▸ DATASET RECORDS:
=-=-=-=-=

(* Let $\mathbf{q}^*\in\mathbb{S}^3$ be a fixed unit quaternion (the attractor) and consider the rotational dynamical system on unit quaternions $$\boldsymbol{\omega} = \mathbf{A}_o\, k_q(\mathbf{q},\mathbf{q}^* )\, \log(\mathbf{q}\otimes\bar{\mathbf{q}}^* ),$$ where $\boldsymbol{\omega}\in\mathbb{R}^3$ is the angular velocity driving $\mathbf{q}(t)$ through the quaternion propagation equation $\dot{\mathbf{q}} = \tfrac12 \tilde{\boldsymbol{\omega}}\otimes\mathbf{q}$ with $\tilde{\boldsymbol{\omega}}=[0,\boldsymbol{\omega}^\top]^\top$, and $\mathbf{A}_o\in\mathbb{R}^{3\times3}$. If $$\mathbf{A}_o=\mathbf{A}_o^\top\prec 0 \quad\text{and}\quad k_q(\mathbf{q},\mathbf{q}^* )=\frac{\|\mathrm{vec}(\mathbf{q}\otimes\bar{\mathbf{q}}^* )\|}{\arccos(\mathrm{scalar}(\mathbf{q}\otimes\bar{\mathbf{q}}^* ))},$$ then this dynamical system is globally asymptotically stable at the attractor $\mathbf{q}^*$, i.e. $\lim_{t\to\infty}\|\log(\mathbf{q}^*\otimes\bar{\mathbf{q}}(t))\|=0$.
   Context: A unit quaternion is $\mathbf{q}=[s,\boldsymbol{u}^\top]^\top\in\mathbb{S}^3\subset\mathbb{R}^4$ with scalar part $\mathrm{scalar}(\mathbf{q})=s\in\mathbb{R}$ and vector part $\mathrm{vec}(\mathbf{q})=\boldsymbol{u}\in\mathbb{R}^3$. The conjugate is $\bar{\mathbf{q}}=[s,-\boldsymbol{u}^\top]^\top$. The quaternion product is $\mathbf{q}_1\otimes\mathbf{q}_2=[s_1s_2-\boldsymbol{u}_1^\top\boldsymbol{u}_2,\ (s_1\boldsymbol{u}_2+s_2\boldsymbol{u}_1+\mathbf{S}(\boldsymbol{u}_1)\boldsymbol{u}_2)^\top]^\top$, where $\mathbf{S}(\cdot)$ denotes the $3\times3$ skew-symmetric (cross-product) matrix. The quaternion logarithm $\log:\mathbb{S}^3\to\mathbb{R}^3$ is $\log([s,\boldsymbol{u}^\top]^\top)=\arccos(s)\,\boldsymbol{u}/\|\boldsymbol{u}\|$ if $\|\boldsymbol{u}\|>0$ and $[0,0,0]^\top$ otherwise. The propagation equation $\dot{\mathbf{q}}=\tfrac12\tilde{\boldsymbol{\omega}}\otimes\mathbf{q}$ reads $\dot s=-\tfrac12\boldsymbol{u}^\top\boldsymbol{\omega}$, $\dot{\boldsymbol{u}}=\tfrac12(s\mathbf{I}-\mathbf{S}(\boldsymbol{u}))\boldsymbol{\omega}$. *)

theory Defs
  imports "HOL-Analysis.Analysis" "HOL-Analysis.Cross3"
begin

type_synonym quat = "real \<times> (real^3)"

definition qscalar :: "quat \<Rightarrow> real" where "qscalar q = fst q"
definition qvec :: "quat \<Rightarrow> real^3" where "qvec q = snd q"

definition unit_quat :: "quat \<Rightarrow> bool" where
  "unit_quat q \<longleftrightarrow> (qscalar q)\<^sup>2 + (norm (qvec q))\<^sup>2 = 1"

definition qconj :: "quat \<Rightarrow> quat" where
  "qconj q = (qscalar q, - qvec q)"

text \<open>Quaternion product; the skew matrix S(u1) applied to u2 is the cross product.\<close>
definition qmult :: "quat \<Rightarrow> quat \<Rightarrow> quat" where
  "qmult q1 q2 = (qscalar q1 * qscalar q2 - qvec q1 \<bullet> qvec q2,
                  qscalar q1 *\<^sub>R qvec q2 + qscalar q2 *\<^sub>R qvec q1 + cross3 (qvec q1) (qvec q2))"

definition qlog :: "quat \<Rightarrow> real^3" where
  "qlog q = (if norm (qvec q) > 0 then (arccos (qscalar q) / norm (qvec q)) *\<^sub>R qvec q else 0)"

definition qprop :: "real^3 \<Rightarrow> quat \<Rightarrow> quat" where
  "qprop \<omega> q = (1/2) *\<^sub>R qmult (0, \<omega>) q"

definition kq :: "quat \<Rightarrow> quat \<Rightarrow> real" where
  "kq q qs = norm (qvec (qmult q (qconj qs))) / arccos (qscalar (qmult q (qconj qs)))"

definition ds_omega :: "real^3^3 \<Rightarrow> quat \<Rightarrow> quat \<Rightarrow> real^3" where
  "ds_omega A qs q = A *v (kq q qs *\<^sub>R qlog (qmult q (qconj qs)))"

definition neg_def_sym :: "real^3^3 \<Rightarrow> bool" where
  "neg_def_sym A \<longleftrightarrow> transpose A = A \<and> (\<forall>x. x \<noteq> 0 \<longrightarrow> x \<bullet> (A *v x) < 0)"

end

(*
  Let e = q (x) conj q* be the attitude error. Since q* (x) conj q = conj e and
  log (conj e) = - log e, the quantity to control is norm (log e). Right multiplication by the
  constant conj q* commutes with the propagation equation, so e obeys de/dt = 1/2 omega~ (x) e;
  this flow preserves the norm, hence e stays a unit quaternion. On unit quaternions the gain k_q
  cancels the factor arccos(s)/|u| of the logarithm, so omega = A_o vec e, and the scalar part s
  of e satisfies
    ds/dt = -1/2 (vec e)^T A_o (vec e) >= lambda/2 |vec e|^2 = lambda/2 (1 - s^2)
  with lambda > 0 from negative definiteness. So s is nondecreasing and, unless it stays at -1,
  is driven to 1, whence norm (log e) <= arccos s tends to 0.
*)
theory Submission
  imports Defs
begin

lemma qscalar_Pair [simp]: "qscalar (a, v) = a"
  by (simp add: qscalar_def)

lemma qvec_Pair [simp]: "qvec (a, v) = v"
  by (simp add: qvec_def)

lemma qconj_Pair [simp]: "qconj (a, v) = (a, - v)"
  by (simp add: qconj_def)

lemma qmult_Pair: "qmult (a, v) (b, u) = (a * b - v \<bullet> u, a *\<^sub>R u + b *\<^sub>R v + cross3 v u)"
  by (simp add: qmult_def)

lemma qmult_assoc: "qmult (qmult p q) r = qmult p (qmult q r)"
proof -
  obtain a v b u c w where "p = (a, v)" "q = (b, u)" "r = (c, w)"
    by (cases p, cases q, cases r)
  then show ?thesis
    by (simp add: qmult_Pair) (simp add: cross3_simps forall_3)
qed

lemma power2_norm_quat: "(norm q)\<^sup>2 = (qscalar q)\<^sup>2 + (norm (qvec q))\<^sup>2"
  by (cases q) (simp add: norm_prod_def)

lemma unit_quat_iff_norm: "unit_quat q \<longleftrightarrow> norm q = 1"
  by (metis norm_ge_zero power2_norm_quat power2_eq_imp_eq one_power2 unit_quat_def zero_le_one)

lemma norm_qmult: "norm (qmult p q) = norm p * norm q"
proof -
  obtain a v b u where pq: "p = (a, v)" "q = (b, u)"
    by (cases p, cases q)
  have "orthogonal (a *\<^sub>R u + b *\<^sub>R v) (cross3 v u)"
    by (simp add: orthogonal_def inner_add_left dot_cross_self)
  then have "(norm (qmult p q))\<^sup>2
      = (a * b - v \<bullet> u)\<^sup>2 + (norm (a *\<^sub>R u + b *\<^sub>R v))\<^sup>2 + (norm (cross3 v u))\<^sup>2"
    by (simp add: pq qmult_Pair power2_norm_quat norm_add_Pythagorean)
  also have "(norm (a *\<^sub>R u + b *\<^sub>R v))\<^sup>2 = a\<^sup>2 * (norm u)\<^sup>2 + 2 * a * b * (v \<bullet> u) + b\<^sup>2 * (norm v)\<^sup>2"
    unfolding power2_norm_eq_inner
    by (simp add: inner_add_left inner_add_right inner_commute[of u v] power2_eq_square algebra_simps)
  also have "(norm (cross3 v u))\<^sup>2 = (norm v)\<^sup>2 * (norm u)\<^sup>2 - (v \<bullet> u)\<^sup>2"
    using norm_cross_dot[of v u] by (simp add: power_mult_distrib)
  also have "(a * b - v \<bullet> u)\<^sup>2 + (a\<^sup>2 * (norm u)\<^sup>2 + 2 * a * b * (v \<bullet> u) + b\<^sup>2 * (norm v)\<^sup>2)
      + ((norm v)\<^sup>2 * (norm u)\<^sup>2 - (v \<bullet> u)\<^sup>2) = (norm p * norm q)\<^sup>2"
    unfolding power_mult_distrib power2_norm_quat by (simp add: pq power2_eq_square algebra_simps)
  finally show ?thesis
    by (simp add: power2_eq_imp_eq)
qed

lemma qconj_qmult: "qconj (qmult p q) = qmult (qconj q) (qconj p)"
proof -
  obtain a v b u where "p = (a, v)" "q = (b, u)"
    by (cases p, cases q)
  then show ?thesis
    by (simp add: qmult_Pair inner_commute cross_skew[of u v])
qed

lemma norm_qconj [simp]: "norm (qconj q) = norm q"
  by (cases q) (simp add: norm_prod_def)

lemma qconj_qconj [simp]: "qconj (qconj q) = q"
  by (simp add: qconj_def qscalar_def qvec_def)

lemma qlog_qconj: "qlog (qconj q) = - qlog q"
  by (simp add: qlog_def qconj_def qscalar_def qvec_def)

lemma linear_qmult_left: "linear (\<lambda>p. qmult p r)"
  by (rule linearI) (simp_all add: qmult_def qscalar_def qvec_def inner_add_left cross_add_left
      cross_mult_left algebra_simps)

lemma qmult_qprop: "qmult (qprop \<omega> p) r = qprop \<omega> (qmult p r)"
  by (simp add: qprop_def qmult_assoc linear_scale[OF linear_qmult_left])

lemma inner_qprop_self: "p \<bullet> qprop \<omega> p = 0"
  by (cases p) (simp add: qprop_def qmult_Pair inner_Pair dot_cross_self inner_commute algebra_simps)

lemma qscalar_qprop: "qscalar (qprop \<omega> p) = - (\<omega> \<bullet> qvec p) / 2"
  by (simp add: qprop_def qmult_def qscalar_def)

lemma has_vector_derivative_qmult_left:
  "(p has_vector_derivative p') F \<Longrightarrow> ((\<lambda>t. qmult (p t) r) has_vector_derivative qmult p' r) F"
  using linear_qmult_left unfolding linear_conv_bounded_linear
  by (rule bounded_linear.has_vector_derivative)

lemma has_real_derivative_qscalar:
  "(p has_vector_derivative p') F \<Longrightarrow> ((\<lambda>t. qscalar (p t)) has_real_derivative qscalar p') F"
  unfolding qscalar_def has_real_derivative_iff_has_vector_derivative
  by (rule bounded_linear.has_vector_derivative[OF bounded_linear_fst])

=-=-=-=-=

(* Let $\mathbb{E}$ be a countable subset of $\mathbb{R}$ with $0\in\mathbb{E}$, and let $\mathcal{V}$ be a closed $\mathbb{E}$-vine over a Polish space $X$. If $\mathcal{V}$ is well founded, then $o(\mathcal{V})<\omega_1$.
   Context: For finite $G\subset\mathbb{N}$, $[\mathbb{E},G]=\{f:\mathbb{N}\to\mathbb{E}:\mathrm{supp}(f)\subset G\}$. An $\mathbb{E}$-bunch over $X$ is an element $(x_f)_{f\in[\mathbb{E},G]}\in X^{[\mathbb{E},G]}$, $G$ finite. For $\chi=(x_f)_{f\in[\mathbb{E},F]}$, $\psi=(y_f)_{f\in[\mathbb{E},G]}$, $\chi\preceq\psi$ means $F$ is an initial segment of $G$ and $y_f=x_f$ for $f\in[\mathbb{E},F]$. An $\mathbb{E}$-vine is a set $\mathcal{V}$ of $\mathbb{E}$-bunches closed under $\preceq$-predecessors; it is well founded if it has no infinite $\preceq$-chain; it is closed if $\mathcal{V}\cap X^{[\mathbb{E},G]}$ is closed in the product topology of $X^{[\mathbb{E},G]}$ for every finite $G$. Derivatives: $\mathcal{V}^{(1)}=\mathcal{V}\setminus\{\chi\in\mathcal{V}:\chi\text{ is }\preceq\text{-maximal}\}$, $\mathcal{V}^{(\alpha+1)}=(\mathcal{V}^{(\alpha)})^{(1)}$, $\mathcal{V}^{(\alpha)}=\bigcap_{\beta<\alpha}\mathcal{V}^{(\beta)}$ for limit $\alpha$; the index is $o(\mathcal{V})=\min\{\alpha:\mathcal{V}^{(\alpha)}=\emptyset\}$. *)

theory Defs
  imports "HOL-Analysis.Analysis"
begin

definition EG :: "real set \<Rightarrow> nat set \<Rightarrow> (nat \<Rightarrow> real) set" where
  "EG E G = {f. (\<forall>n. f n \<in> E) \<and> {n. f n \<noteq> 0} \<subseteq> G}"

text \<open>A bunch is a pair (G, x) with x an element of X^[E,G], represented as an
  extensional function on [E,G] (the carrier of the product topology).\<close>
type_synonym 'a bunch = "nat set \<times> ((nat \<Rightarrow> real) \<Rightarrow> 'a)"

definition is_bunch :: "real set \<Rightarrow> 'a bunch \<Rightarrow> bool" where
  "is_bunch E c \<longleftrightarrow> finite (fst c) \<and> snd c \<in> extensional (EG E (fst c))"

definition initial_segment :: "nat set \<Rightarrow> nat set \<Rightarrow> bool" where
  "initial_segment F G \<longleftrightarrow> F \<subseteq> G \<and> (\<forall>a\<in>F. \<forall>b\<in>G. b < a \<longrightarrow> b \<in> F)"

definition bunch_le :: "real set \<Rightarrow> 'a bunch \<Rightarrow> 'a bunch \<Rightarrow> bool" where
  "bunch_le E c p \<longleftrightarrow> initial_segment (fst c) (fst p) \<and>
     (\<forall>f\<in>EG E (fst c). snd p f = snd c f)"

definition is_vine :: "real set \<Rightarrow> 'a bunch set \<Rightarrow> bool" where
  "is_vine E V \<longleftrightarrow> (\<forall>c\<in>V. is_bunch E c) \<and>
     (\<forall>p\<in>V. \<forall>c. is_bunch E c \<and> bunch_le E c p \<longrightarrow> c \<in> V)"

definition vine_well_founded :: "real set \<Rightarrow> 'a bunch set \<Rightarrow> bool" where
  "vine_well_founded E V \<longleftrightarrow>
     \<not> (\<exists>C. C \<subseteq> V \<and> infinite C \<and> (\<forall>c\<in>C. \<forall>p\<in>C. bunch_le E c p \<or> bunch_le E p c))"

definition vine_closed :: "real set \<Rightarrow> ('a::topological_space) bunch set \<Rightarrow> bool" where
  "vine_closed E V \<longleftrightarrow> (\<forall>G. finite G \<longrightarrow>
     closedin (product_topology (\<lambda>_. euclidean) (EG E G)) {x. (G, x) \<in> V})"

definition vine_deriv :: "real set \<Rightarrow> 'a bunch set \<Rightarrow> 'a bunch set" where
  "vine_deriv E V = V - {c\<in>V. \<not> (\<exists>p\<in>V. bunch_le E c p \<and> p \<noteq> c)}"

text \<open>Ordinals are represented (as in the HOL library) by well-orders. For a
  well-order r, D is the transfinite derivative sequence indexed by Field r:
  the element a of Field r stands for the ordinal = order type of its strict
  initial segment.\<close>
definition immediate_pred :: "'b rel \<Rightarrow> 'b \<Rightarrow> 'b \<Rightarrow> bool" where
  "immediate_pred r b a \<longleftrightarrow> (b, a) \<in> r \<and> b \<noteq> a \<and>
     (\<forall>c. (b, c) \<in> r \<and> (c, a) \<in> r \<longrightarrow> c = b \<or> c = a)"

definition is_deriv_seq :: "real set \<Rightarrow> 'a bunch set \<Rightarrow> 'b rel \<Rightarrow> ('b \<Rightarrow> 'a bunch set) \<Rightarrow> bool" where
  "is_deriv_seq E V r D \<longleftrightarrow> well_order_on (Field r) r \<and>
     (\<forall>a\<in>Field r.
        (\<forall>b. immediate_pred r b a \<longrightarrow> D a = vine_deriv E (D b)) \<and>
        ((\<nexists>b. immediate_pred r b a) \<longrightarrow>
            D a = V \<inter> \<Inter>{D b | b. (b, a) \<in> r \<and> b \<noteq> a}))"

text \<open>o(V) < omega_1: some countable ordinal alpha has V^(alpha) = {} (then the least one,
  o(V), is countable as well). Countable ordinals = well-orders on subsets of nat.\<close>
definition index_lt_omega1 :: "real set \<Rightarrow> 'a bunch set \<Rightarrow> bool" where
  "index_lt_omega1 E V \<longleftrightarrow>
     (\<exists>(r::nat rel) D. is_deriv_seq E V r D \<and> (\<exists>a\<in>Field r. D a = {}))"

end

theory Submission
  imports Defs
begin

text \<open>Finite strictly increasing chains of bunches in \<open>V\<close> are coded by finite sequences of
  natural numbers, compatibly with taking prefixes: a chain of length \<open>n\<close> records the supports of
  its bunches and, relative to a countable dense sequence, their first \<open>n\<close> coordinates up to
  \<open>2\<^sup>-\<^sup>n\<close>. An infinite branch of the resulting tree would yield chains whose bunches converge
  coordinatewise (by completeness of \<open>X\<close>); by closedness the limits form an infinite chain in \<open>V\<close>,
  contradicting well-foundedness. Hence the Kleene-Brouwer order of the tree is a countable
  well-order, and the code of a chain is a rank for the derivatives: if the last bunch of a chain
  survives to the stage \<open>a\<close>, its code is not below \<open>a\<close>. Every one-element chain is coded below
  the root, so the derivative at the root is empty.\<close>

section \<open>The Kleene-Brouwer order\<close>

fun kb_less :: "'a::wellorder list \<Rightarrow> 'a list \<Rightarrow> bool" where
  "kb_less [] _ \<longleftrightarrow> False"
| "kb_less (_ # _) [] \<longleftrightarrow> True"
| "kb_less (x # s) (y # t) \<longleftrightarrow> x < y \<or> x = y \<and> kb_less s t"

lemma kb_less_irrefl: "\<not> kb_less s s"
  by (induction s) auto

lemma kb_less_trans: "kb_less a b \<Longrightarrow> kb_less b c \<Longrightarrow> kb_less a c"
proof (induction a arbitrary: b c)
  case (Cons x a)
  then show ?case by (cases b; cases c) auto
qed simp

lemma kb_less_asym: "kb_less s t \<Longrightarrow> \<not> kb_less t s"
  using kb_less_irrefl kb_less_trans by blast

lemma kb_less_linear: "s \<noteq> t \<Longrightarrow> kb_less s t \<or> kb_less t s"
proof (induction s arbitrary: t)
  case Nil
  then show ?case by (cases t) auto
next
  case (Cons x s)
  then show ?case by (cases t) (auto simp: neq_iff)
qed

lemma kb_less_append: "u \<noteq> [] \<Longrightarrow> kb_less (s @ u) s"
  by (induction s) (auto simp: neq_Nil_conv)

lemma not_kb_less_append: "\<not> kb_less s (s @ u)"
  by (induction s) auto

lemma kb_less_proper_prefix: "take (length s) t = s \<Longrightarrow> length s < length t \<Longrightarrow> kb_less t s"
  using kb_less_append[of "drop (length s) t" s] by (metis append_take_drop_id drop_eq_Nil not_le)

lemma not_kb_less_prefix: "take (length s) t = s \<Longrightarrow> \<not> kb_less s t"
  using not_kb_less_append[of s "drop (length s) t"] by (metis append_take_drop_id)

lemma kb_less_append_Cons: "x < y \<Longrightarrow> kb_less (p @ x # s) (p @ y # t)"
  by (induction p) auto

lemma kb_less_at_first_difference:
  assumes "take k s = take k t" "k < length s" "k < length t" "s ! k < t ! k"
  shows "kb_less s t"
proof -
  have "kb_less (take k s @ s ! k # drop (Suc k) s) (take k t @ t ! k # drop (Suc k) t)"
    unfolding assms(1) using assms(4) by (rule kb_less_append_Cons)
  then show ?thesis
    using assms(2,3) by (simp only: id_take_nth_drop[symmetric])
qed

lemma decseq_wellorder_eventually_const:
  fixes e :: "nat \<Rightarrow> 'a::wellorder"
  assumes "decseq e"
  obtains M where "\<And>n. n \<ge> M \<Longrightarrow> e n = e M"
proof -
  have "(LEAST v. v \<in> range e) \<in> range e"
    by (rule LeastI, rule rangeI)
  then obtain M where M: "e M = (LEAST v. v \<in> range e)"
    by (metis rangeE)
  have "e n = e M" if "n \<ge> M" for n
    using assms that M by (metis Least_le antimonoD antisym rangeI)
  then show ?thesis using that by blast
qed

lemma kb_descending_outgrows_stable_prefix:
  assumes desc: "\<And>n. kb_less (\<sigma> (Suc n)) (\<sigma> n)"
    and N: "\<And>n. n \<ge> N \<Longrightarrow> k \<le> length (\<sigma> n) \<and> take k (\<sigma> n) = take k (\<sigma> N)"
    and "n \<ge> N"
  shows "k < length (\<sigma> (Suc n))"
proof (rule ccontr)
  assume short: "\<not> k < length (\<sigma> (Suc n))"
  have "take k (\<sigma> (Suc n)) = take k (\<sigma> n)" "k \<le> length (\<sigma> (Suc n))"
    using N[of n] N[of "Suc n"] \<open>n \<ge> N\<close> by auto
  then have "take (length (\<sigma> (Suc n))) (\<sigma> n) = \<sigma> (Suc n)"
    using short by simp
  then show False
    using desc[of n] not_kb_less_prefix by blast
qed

=-=-=-=-=

▸ EXERCISE: Search the data above and return each line in which "auto" occurs.

▸ ANSWER AREA:
  by (induction s) auto
  then show ?case by (cases b; cases c) auto
  then show ?case by (cases t) auto
  then show ?case by (cases t) (auto simp: neq_iff)
  by (induction s) (auto simp: neq_Nil_conv)
  by (induction s) auto
  by (induction p) auto
    using N[of n] N[of "Suc n"] \<open>n \<ge> N\<close> by auto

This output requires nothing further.